lemma gaussian_growth_sum:
  "finite I \<Longrightarrow> (\<And>i. i \<in> I \<Longrightarrow> gaussian_growth (f i)) \<Longrightarrow>
    gaussian_growth (\<lambda>x y. \<Sum>i\<in>I. f i x y)"
  by (induction I rule: finite_induct) (simp_all add: gaussian_growth_const gaussian_growth_add)

lemma gaussian_growth_radius: "gaussian_growth (\<lambda>x y. x\<^sup>2 + y\<^sup>2)"
  by (intro gaussian_growth_add gaussian_growth_power gaussian_growth_x gaussian_growth_y)

lemma gaussian_growth_radius_mult:
  "gaussian_growth f \<Longrightarrow> gaussian_growth (\<lambda>x y. (x\<^sup>2 + y\<^sup>2) * f x y)"
  by (rule gaussian_growth_mult[OF gaussian_growth_radius])

lemma finite_degree_lt_pairs: "finite {(j, k). j + k < (n :: nat)}"
  by (rule finite_subset[of _ "{..<n} \<times> {..<n}"]) auto

lemma gaussian_growth_poly_deg_lt: "poly_deg_lt n p \<Longrightarrow> gaussian_growth p"
proof -
  assume "poly_deg_lt n p"
  then obtain c where "p = (\<lambda>x y. \<Sum>(j, k) \<in> {(j, k). j + k < n}. c j k * x ^ j * y ^ k)"
    unfolding poly_deg_lt_def by blast
  then show "gaussian_growth p"
    by (simp add: case_prod_beta, intro gaussian_growth_sum finite_degree_lt_pairs
        gaussian_growth_mult gaussian_growth_const gaussian_growth_power gaussian_growth_x
        gaussian_growth_y)
qed

lemma poly_deg_lt_add:
  assumes "poly_deg_lt n f" "poly_deg_lt n g"
  shows "poly_deg_lt n (\<lambda>x y. f x y + g x y)"
proof -
  obtain c d where
    "f = (\<lambda>x y. \<Sum>(j, k) \<in> {(j, k). j + k < n}. c j k * x ^ j * y ^ k)"
    "g = (\<lambda>x y. \<Sum>(j, k) \<in> {(j, k). j + k < n}. d j k * x ^ j * y ^ k)"
    using assms unfolding poly_deg_lt_def by blast
  then show ?thesis unfolding poly_deg_lt_def
    by (intro exI[of _ "\<lambda>j k. c j k + d j k"])
      (simp add: sum.distrib[symmetric] case_prod_beta algebra_simps)
qed

lemma poly_deg_lt_scale:
  assumes "poly_deg_lt n f"
  shows "poly_deg_lt n (\<lambda>x y. a * f x y)"
proof -
  obtain c where "f = (\<lambda>x y. \<Sum>(j, k) \<in> {(j, k). j + k < n}. c j k * x ^ j * y ^ k)"
    using assms unfolding poly_deg_lt_def by blast
  then show ?thesis unfolding poly_deg_lt_def
    by (intro exI[of _ "\<lambda>j k. a * c j k"]) (simp add: sum_distrib_left case_prod_beta mult.assoc)
qed

lemma poly_deg_lt_zero: "poly_deg_lt n (\<lambda>x y. 0)"
  unfolding poly_deg_lt_def by (intro exI[of _ "\<lambda>j k. 0"]) simp

lemma poly_deg_lt_diff:
  "poly_deg_lt n f \<Longrightarrow> poly_deg_lt n g \<Longrightarrow> poly_deg_lt n (\<lambda>x y. f x y - g x y)"
  using poly_deg_lt_add[of n f "\<lambda>x y. (- 1) * g x y"] poly_deg_lt_scale[of n g "- 1"] by simp

lemma poly_deg_lt_sum:
  "finite I \<Longrightarrow> (\<And>i. i \<in> I \<Longrightarrow> poly_deg_lt n (f i)) \<Longrightarrow>
    poly_deg_lt n (\<lambda>x y. \<Sum>i\<in>I. f i x y)"
  by (induction I rule: finite_induct) (simp_all add: poly_deg_lt_zero poly_deg_lt_add)

lemma poly_deg_lt_mono:
  assumes "poly_deg_lt n f" "n \<le> m"
  shows "poly_deg_lt m f"
proof -
  obtain c where c: "f = (\<lambda>x y. \<Sum>(j, k) \<in> {(j, k). j + k < n}. c j k * x ^ j * y ^ k)"
    using assms(1) unfolding poly_deg_lt_def by blast
  have "(\<Sum>(j, k) \<in> {(j, k). j + k < m}. (if j + k < n then c j k else 0) * x ^ j * y ^ k)
      = (\<Sum>(j, k) \<in> {(j, k). j + k < n}. c j k * x ^ j * y ^ k)" for x y :: real
    using assms(2) by (intro sum.mono_neutral_cong_right finite_degree_lt_pairs) (auto split: if_splits)
  then show ?thesis unfolding poly_deg_lt_def c
    by (intro exI[of _ "\<lambda>j k. if j + k < n then c j k else 0"]) simp
qed

lemma poly_deg_lt_monomial:
  assumes "a + b < n"
  shows "poly_deg_lt n (\<lambda>x y. x ^ a * y ^ b)"
  unfolding poly_deg_lt_def
proof (intro exI[of _ "\<lambda>j k. if j = a \<and> k = b then 1 else 0"] allI)
  fix x y :: real
  have "(\<Sum>(j, k) \<in> {(j, k). j + k < n}. (if j = a \<and> k = b then 1 else 0) * x ^ j * y ^ k)
      = (\<Sum>p \<in> {(j, k). j + k < n}. if p = (a, b) then x ^ a * y ^ b else 0)"
    by (intro sum.cong) (auto split: if_splits)
  also have "\<dots> = x ^ a * y ^ b" using assms finite_degree_lt_pairs[of n] by (simp add: sum.delta)
  finally show "x ^ a * y ^ b
      = (\<Sum>(j, k) \<in> {(j, k). j + k < n}. (if j = a \<and> k = b then 1 else 0) * x ^ j * y ^ k)"
    by simp
qed

lemma poly_deg_lt_Suc_decomp:
  assumes "poly_deg_lt (Suc n) p"
  obtains low c where "poly_deg_lt n low"
    and "\<And>x y. p x y = low x y + (\<Sum>i\<le>n. c i * x ^ (n - i) * y ^ i)"
proof -
  obtain c where c: "\<And>x y. p x y = (\<Sum>(j, k) \<in> {(j, k). j + k < Suc n}. c j k * x ^ j * y ^ k)"
    using assms unfolding poly_deg_lt_def by blast
  let ?S = "{(j, k). j + k < n}" and ?T = "(\<lambda>i. (n - i, i)) ` {..n}"
  have split: "{(j, k). j + k < Suc n} = ?S \<union> ?T"
  proof (intro equalityI subsetI)
    fix z assume "z \<in> {(j, k). j + k < Suc n}"
    then obtain j k where "z = (j, k)" "j + k < Suc n" by auto
    then show "z \<in> ?S \<union> ?T" by (cases "j + k < n") (auto intro!: image_eqI[of _ _ k])
  qed auto
  have inj: "inj_on (\<lambda>i. (n - i, i)) {..n}" by (intro inj_onI) auto
  define low where "low = (\<lambda>x y. \<Sum>(j, k) \<in> ?S. c j k * x ^ j * y ^ k)"
  show ?thesis
  proof (rule that)
    show "poly_deg_lt n low" unfolding poly_deg_lt_def low_def by blast
    fix x y :: real
    have "p x y = low x y + (\<Sum>(j, k) \<in> ?T. c j k * x ^ j * y ^ k)"
      unfolding c split low_def by (rule sum.union_disjoint) (auto simp: finite_degree_lt_pairs)
    also have "(\<Sum>(j, k) \<in> ?T. c j k * x ^ j * y ^ k) = (\<Sum>i\<le>n. c (n - i) i * x ^ (n - i) * y ^ i)"
      by (subst sum.reindex[OF inj]) simp
    finally show "p x y = low x y + (\<Sum>i\<le>n. c (n - i) i * x ^ (n - i) * y ^ i)" .
  qed
qed

section \<open>The weights and their inner products\<close>

lemma amgm_geometric_weights:
  fixes u v w0 w1 w3 :: real
  assumes "w0 > 0" "w1\<^sup>2 = w0 * w3"
  shows "u * v * w1 \<le> u\<^sup>2 * w0 / 2 + v\<^sup>2 * w3 / 2"
proof -
  have "w0 * (u\<^sup>2 * w0 + v\<^sup>2 * w3 - 2 * u * v * w1) = (u * w0 - v * w1)\<^sup>2"
    using assms(2) by (simp add: power2_eq_square algebra_simps)
  then have "u\<^sup>2 * w0 + v\<^sup>2 * w3 - 2 * u * v * w1 \<ge> 0"
    using assms(1) by (metis zero_le_power2 zero_le_mult_iff not_less)
  then show ?thesis by simp
qed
——————
■ **Work required**: Return every line from the entries that holds the string "assms".

■ **Completed exercise**:
    using assms unfolding poly_deg_lt_def by blast
    using assms unfolding poly_deg_lt_def by blast
    using assms(1) unfolding poly_deg_lt_def by blast
    using assms(2) by (intro sum.mono_neutral_cong_right finite_degree_lt_pairs) (auto split: if_splits)
  also have "\<dots> = x ^ a * y ^ b" using assms finite_degree_lt_pairs[of n] by (simp add: sum.delta)
    using assms unfolding poly_deg_lt_def by blast
    using assms(2) by (simp add: power2_eq_square algebra_simps)
    using assms(1) by (metis zero_le_power2 zero_le_mult_iff not_less)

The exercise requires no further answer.